5 replies
June 2016

kiramclean

Thanks for the awesome video! I was just wondering what is a good/safe way to get some production data out of a production database, if we don’t want a full backup of all the data?

June 2016

christoomey

Hey Kira, glad you enjoyed the video. Personally I tend to pull the full Upcase production DB regularly using Parity (I sum up this approach in the Parity section of the Heroku Weekly Iteration). If this is an option I highly recommend it to get a real picture. At a minimum, perhaps you could backup production → staging and then tinker there (after some local experimentation).
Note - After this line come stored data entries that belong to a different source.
(* Let $\mathcal{X}$ be a set of feasible solutions and $f_1,\dots,f_m:\mathcal{X}\to\mathbb{R}$ objective functions, $\boldsymbol{f}=(f_1,\dots,f_m)$. Fix an integer $K\ge1$, a preference vector $\boldsymbol{\lambda}$ with $\lambda_i\ge0$, $\sum_{i=1}^m\lambda_i=1$, an ideal point $\boldsymbol{z}^*\in\mathbb{R}^m$, and smoothing parameters $\mu>0$, $\mu_1,\dots,\mu_m>0$. For $X_K=\{\boldsymbol{x}^{(1)},\dots,\boldsymbol{x}^{(K)}\}\subseteq\mathcal{X}$ define the smooth Tchebycheff set scalarization $$g^{(\mathrm{STCH\text{-}Set})}_{\mu,\{\mu_i\}}(X_K\mid\boldsymbol{\lambda})=\mu\log\left(\sum_{i=1}^m\exp\left(\frac{\lambda_i\left(-\mu_i\log\left(\sum_{k=1}^K e^{-f_i(\boldsymbol{x}^{(k)})/\mu_i}\right)-z_i^*\right)}{\mu}\right)\right).$$ Let $X^*_K$ be an optimal solution set, i.e. a minimizer of $g^{(\mathrm{STCH\text{-}Set})}_{\mu,\{\mu_i\}}(\cdot\mid\boldsymbol{\lambda})$ over all sets of $K$ solutions in $\mathcal{X}$. Then every solution in $X^*_K$ is weakly Pareto optimal for $\min_{\boldsymbol{x}\in\mathcal{X}}\boldsymbol{f}(\boldsymbol{x})$. In addition, every solution in $X^*_K$ is Pareto optimal for $\min_{\boldsymbol{x}\in\mathcal{X}}\boldsymbol{f}(\boldsymbol{x})$ if either (1) the optimal solution set $X^*_K$ is unique, or (2) all preference coefficients are positive ($\lambda_i>0$ for all $i$).
   Context: $\boldsymbol{x}^{(a)}$ dominates $\boldsymbol{x}^{(b)}$ if $f_i(\boldsymbol{x}^{(a)})\le f_i(\boldsymbol{x}^{(b)})$ for all $i$ and $f_j(\boldsymbol{x}^{(a)})<f_j(\boldsymbol{x}^{(b)})$ for some $j$; $\boldsymbol{x}^{(a)}$ strictly dominates $\boldsymbol{x}^{(b)}$ if $f_i(\boldsymbol{x}^{(a)})<f_i(\boldsymbol{x}^{(b)})$ for all $i$. A solution $\boldsymbol{x}^*\in\mathcal{X}$ is Pareto optimal if no $\boldsymbol{x}\in\mathcal{X}$ dominates it, and weakly Pareto optimal if no $\boldsymbol{x}\in\mathcal{X}$ strictly dominates it. *)

theory Defs
  imports Complex_Main
begin

definition dominates :: "nat \<Rightarrow> (nat \<Rightarrow> 'a \<Rightarrow> real) \<Rightarrow> 'a \<Rightarrow> 'a \<Rightarrow> bool" where
  "dominates m f xa xb \<longleftrightarrow>
     (\<forall>i\<in>{1..m}. f i xa \<le> f i xb) \<and> (\<exists>j\<in>{1..m}. f j xa < f j xb)"

definition strictly_dominates :: "nat \<Rightarrow> (nat \<Rightarrow> 'a \<Rightarrow> real) \<Rightarrow> 'a \<Rightarrow> 'a \<Rightarrow> bool" where
  "strictly_dominates m f xa xb \<longleftrightarrow> (\<forall>i\<in>{1..m}. f i xa < f i xb)"

definition pareto_optimal :: "'a set \<Rightarrow> nat \<Rightarrow> (nat \<Rightarrow> 'a \<Rightarrow> real) \<Rightarrow> 'a \<Rightarrow> bool" where
  "pareto_optimal X m f x \<longleftrightarrow> x \<in> X \<and> \<not> (\<exists>y\<in>X. dominates m f y x)"

definition weakly_pareto_optimal :: "'a set \<Rightarrow> nat \<Rightarrow> (nat \<Rightarrow> 'a \<Rightarrow> real) \<Rightarrow> 'a \<Rightarrow> bool" where
  "weakly_pareto_optimal X m f x \<longleftrightarrow> x \<in> X \<and> \<not> (\<exists>y\<in>X. strictly_dominates m f y x)"

definition stch_set ::
  "nat \<Rightarrow> nat \<Rightarrow> (nat \<Rightarrow> 'a \<Rightarrow> real) \<Rightarrow> (nat \<Rightarrow> real) \<Rightarrow> (nat \<Rightarrow> real) \<Rightarrow> real
   \<Rightarrow> (nat \<Rightarrow> real) \<Rightarrow> (nat \<Rightarrow> 'a) \<Rightarrow> real" where
  "stch_set m K f lam z mu mus xs =
     mu * ln (\<Sum>i=1..m. exp (lam i * (- mus i * ln (\<Sum>k=1..K. exp (- f i (xs k) / mus i)) - z i) / mu))"

end

theory Submission
  imports Defs
begin

text \<open>The scalarization is a smooth maximum over the objectives of the weighted, shifted smooth
minima over the K solutions. Both smoothings are monotone, and strictly monotone in every
argument, so replacing a member of the solution set by a point that is no worse in any objective
does not increase the scalarization, and strictly decreases it when the point is strictly better
in an objective of positive weight. Since the weights sum to one, some weight is positive, which
gives weak Pareto optimality; if all weights are positive, any dominating point would contradict
optimality. For a unique optimal set, replacing every copy of a dominated member by a dominating
point yields another optimal set that no longer contains the member.\<close>

definition smooth_max :: "real \<Rightarrow> 'a set \<Rightarrow> ('a \<Rightarrow> real) \<Rightarrow> real" where
  "smooth_max \<mu> A v = \<mu> * ln (\<Sum>a\<in>A. exp (v a / \<mu>))"

definition smooth_min :: "real \<Rightarrow> 'a set \<Rightarrow> ('a \<Rightarrow> real) \<Rightarrow> real" where
  "smooth_min \<mu> A v = - smooth_max \<mu> A (\<lambda>a. - v a)"

lemma ln_sum_exp_mono:
  fixes u v :: "'a \<Rightarrow> real"
  assumes "finite A" and "\<And>a. a \<in> A \<Longrightarrow> u a \<le> v a"
  shows "ln (\<Sum>a\<in>A. exp (u a)) \<le> ln (\<Sum>a\<in>A. exp (v a))"
proof (cases "A = {}")
  case False
  have "(\<Sum>a\<in>A. exp (u a)) \<le> (\<Sum>a\<in>A. exp (v a))"
    using assms by (intro sum_mono) simp
  moreover have "(\<Sum>a\<in>A. exp (u a)) > 0"
    using assms False by (intro sum_pos) auto
  ultimately show ?thesis by simp
qed simp

lemma ln_sum_exp_strict_mono:
  fixes u v :: "'a \<Rightarrow> real"
  assumes "finite A" and "\<And>a. a \<in> A \<Longrightarrow> u a \<le> v a" and "b \<in> A" "u b < v b"
  shows "ln (\<Sum>a\<in>A. exp (u a)) < ln (\<Sum>a\<in>A. exp (v a))"
proof -
  have "(\<Sum>a\<in>A. exp (u a)) < (\<Sum>a\<in>A. exp (v a))"
    by (rule sum_strict_mono_ex1) (use assms in auto)
  moreover have "(\<Sum>a\<in>A. exp (u a)) > 0"
    using assms by (intro sum_pos) auto
  ultimately show ?thesis by simp
qed

lemma smooth_max_mono:
  assumes "\<mu> > 0" "finite A" and "\<And>a. a \<in> A \<Longrightarrow> u a \<le> v a"
  shows "smooth_max \<mu> A u \<le> smooth_max \<mu> A v"
  unfolding smooth_max_def
  using assms by (intro mult_left_mono ln_sum_exp_mono) (auto simp: divide_right_mono)

lemma smooth_max_strict_mono:
  assumes "\<mu> > 0" "finite A" and "\<And>a. a \<in> A \<Longrightarrow> u a \<le> v a" and "b \<in> A" "u b < v b"
  shows "smooth_max \<mu> A u < smooth_max \<mu> A v"
  unfolding smooth_max_def
  using assms by (intro mult_strict_left_mono ln_sum_exp_strict_mono)
    (auto simp: divide_right_mono divide_strict_right_mono)

lemma smooth_min_mono:
  assumes "\<mu> > 0" "finite A" and "\<And>a. a \<in> A \<Longrightarrow> u a \<le> v a"
  shows "smooth_min \<mu> A u \<le> smooth_min \<mu> A v"
  unfolding smooth_min_def using assms by (simp add: smooth_max_mono)

lemma smooth_min_strict_mono:
  assumes "\<mu> > 0" "finite A" and "\<And>a. a \<in> A \<Longrightarrow> u a \<le> v a" and "b \<in> A" "u b < v b"
  shows "smooth_min \<mu> A u < smooth_min \<mu> A v"
  unfolding smooth_min_def using assms by (simp add: smooth_max_strict_mono)

lemma stch_set_eq_smooth_max_smooth_min:
  "stch_set m K f lam z mu mus xs =
     smooth_max mu {1..m} (\<lambda>i. lam i * (smooth_min (mus i) {1..K} (\<lambda>k. f i (xs k)) - z i))"
  unfolding stch_set_def smooth_max_def smooth_min_def by simp

lemma stch_set_mono:
  assumes "mu > 0" "\<forall>i\<in>{1..m}. lam i \<ge> 0" "\<forall>i\<in>{1..m}. mus i > 0"
    and "\<forall>i\<in>{1..m}. \<forall>k\<in>{1..K}. f i (ys k) \<le> f i (xs k)"
  shows "stch_set m K f lam z mu mus ys \<le> stch_set m K f lam z mu mus xs"
  unfolding stch_set_eq_smooth_max_smooth_min
  using assms by (intro smooth_max_mono mult_left_mono diff_right_mono smooth_min_mono) auto

lemma stch_set_strict_mono:
  assumes "mu > 0" "\<forall>i\<in>{1..m}. lam i \<ge> 0" "\<forall>i\<in>{1..m}. mus i > 0"
    and "\<forall>i\<in>{1..m}. \<forall>k\<in>{1..K}. f i (ys k) \<le> f i (xs k)"
    and "i \<in> {1..m}" "lam i > 0" "k \<in> {1..K}" "f i (ys k) < f i (xs k)"
  shows "stch_set m K f lam z mu mus ys < stch_set m K f lam z mu mus xs"
  unfolding stch_set_eq_smooth_max_smooth_min
  using assms
  by (intro smooth_max_strict_mono[where b = i] mult_left_mono mult_strict_left_mono
      diff_right_mono diff_strict_right_mono smooth_min_mono smooth_min_strict_mono[where b = k])
    auto

definition stch_set_minimizer ::
  "'a set \<Rightarrow> nat \<Rightarrow> nat \<Rightarrow> (nat \<Rightarrow> 'a \<Rightarrow> real) \<Rightarrow> (nat \<Rightarrow> real) \<Rightarrow> (nat \<Rightarrow> real) \<Rightarrow> real
   \<Rightarrow> (nat \<Rightarrow> real) \<Rightarrow> (nat \<Rightarrow> 'a) \<Rightarrow> bool" where
  "stch_set_minimizer X m K f lam z mu mus xs \<longleftrightarrow>
     (\<forall>k\<in>{1..K}. xs k \<in> X) \<and>
     (\<forall>ys. (\<forall>k\<in>{1..K}. ys k \<in> X) \<longrightarrow>
        stch_set m K f lam z mu mus xs \<le> stch_set m K f lam z mu mus ys)"

lemma stch_set_minimizer_mem:
  "stch_set_minimizer X m K f lam z mu mus xs \<Longrightarrow> k \<in> {1..K} \<Longrightarrow> xs k \<in> X"
  by (simp add: stch_set_minimizer_def)

lemma stch_set_minimizer_no_weighted_improvement:
  assumes "mu > 0" "\<forall>i\<in>{1..m}. lam i \<ge> 0" "\<forall>i\<in>{1..m}. mus i > 0"
    and min: "stch_set_minimizer X m K f lam z mu mus xs" and "k \<in> {1..K}"
    and "y \<in> X" "\<forall>i\<in>{1..m}. f i y \<le> f i (xs k)"
    and "i \<in> {1..m}" "lam i > 0"
  shows "f i (xs k) \<le> f i y"
proof (rule ccontr)
  assume "\<not> f i (xs k) \<le> f i y"
  define ys where "ys = xs(k := y)"
  have "\<forall>k'\<in>{1..K}. ys k' \<in> X"
    using min \<open>y \<in> X\<close> unfolding ys_def stch_set_minimizer_def by auto
  with min have "stch_set m K f lam z mu mus xs \<le> stch_set m K f lam z mu mus ys"
    unfolding stch_set_minimizer_def by blast
  moreover have "stch_set m K f lam z mu mus ys < stch_set m K f lam z mu mus xs"
    using assms \<open>\<not> f i (xs k) \<le> f i y\<close>
    by (intro stch_set_strict_mono[where i = i and k = k]) (auto simp: ys_def)
  ultimately show False by simp
qed

lemma stch_set_minimizer_weakly_pareto_optimal:
  assumes "mu > 0" "\<forall>i\<in>{1..m}. lam i \<ge> 0" "\<forall>i\<in>{1..m}. mus i > 0"
    and "i \<in> {1..m}" "lam i > 0"
    and min: "stch_set_minimizer X m K f lam z mu mus xs" and "k \<in> {1..K}"
  shows "weakly_pareto_optimal X m f (xs k)"
  unfolding weakly_pareto_optimal_def
proof (intro conjI notI)
  show "xs k \<in> X" using min \<open>k \<in> {1..K}\<close> by (rule stch_set_minimizer_mem)
  assume "\<exists>y\<in>X. strictly_dominates m f y (xs k)"
  then obtain y where "y \<in> X" and y_lt: "\<forall>i\<in>{1..m}. f i y < f i (xs k)"
    unfolding strictly_dominates_def by blast
  have "f i (xs k) \<le> f i y"
    using assms \<open>y \<in> X\<close> y_lt
    by (intro stch_set_minimizer_no_weighted_improvement[OF assms(1-3) min \<open>k \<in> {1..K}\<close>])
      (auto simp: less_imp_le)
  with y_lt \<open>i \<in> {1..m}\<close> show False by fastforce
qed

lemma stch_set_minimizer_pareto_optimal_if_weights_pos:
  assumes "mu > 0" "\<forall>i\<in>{1..m}. lam i > 0" "\<forall>i\<in>{1..m}. mus i > 0"
    and min: "stch_set_minimizer X m K f lam z mu mus xs" and "k \<in> {1..K}"
  shows "pareto_optimal X m f (xs k)"
  unfolding pareto_optimal_def
proof (intro conjI notI)
  show "xs k \<in> X" using min \<open>k \<in> {1..K}\<close> by (rule stch_set_minimizer_mem)
  assume "\<exists>y\<in>X. dominates m f y (xs k)"
  then obtain y j where "y \<in> X" "\<forall>i\<in>{1..m}. f i y \<le> f i (xs k)"
    and "j \<in> {1..m}" "f j y < f j (xs k)"
    unfolding dominates_def by blast
  moreover have "\<forall>i\<in>{1..m}. lam i \<ge> 0" using assms(2) by (simp add: less_imp_le)
  ultimately have "f j (xs k) \<le> f j y"
    using assms by (intro stch_set_minimizer_no_weighted_improvement[OF assms(1) _ assms(3) min]) auto
  with \<open>f j y < f j (xs k)\<close> show False by simp
qed

lemma stch_set_minimizer_pareto_optimal_if_unique:
  assumes "mu > 0" "\<forall>i\<in>{1..m}. lam i \<ge> 0" "\<forall>i\<in>{1..m}. mus i > 0"
    and min: "stch_set_minimizer X m K f lam z mu mus xs" and "k \<in> {1..K}"
    and unique: "\<forall>ys. stch_set_minimizer X m K f lam z mu mus ys \<longrightarrow> ys ` {1..K} = xs ` {1..K}"
  shows "pareto_optimal X m f (xs k)"
  unfolding pareto_optimal_def
proof (intro conjI notI)
  show "xs k \<in> X" using min \<open>k \<in> {1..K}\<close> by (rule stch_set_minimizer_mem)
  assume "\<exists>y\<in>X. dominates m f y (xs k)"
  then obtain y where "y \<in> X" "dominates m f y (xs k)" by blast
  then have y_le: "\<forall>i\<in>{1..m}. f i y \<le> f i (xs k)" and "y \<noteq> xs k"
    unfolding dominates_def by auto
  \<comment> \<open>Replace every copy of xs k, so that xs k leaves the image.\<close>
  define ys where "ys = (\<lambda>k'. if xs k' = xs k then y else xs k')"
  have "\<forall>k'\<in>{1..K}. ys k' \<in> X"
    using min \<open>y \<in> X\<close> unfolding ys_def stch_set_minimizer_def by auto
  moreover have "stch_set m K f lam z mu mus ys \<le> stch_set m K f lam z mu mus xs"
    using assms(1-3) y_le by (intro stch_set_mono) (auto simp: ys_def)
  ultimately have "stch_set_minimizer X m K f lam z mu mus ys"
    using min unfolding stch_set_minimizer_def by force
  with unique have "xs k \<in> ys ` {1..K}" using \<open>k \<in> {1..K}\<close> by blast
  with \<open>y \<noteq> xs k\<close> show False by (auto simp: ys_def)
qed

theorem theorem2:
  fixes X :: "'a set" and m K :: nat and f :: "nat \<Rightarrow> 'a \<Rightarrow> real"
    and lam z mus :: "nat \<Rightarrow> real" and mu :: real and xs :: "nat \<Rightarrow> 'a"
  assumes K: "K \<ge> 1"
    and lam_nonneg: "\<forall>i\<in>{1..m}. lam i \<ge> 0"
    and lam_sum: "(\<Sum>i=1..m. lam i) = 1"
    and mu_pos: "mu > 0"
    and mus_pos: "\<forall>i\<in>{1..m}. mus i > 0"
    and feasible: "\<forall>k\<in>{1..K}. xs k \<in> X"
    and optimal: "\<forall>ys. (\<forall>k\<in>{1..K}. ys k \<in> X) \<longrightarrow>
                    stch_set m K f lam z mu mus xs \<le> stch_set m K f lam z mu mus ys"
  shows "(\<forall>k\<in>{1..K}. weakly_pareto_optimal X m f (xs k))
       \<and> (((\<forall>ys. (\<forall>k\<in>{1..K}. ys k \<in> X)
                 \<and> (\<forall>ws. (\<forall>k\<in>{1..K}. ws k \<in> X) \<longrightarrow>
                        stch_set m K f lam z mu mus ys \<le> stch_set m K f lam z mu mus ws)
                 \<longrightarrow> ys ` {1..K} = xs ` {1..K})
           \<or> (\<forall>i\<in>{1..m}. lam i > 0))
          \<longrightarrow> (\<forall>k\<in>{1..K}. pareto_optimal X m f (xs k)))"
proof -
  have min: "stch_set_minimizer X m K f lam z mu mus xs"
    using feasible optimal by (simp add: stch_set_minimizer_def)
  obtain i where i: "i \<in> {1..m}" "lam i > 0"
  proof -
    have "(\<Sum>i=1..m. lam i) \<noteq> 0" using lam_sum by simp
    then obtain i where "i \<in> {1..m}" "lam i \<noteq> 0"
      using sum.not_neutral_contains_not_neutral by blast
    with lam_nonneg show thesis using that by force
  qed
  show ?thesis
    unfolding stch_set_minimizer_def[symmetric]
    using stch_set_minimizer_weakly_pareto_optimal[OF mu_pos lam_nonneg mus_pos i min]
      stch_set_minimizer_pareto_optimal_if_unique[OF mu_pos lam_nonneg mus_pos min]
      stch_set_minimizer_pareto_optimal_if_weights_pos[OF mu_pos _ mus_pos min]
    by blast
qed

end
If that is not an option, you might consider building a script to generate the data. We have an example of this in the dev:prime task in Upcase, which uses FactoryGirl’s methods to aid in building structured data (with a few helper methods).

I’ve also heard of folks applying an automated anonymization script to work around compliance / privacy concerns. With this, you’d work from a copy of the production data set, but scramble any identifying data, for example replacing names with “Jane M Doe”. I don’t have any solid examples of this that I can point you to, but wanted to point it out as a third option.

June 2016

jkrmr

@christoomey @jferris
Baller episode, thanks for putting this together.

August 2016

gxespino

@christoomey, @jferris - When would you want to add a NoSQL db to the mix?

August 2016

jferris

I would add another database only when there’s a production issue that can’t be reasonably fixed in your primary database and that you’re sure will be fixed by introducing a new tool.

The cost of having two databases is higher than is generally appreciated:

I would suggest this litmus test: if you’re not sure whether or not to introduce another database, stick with Postgres.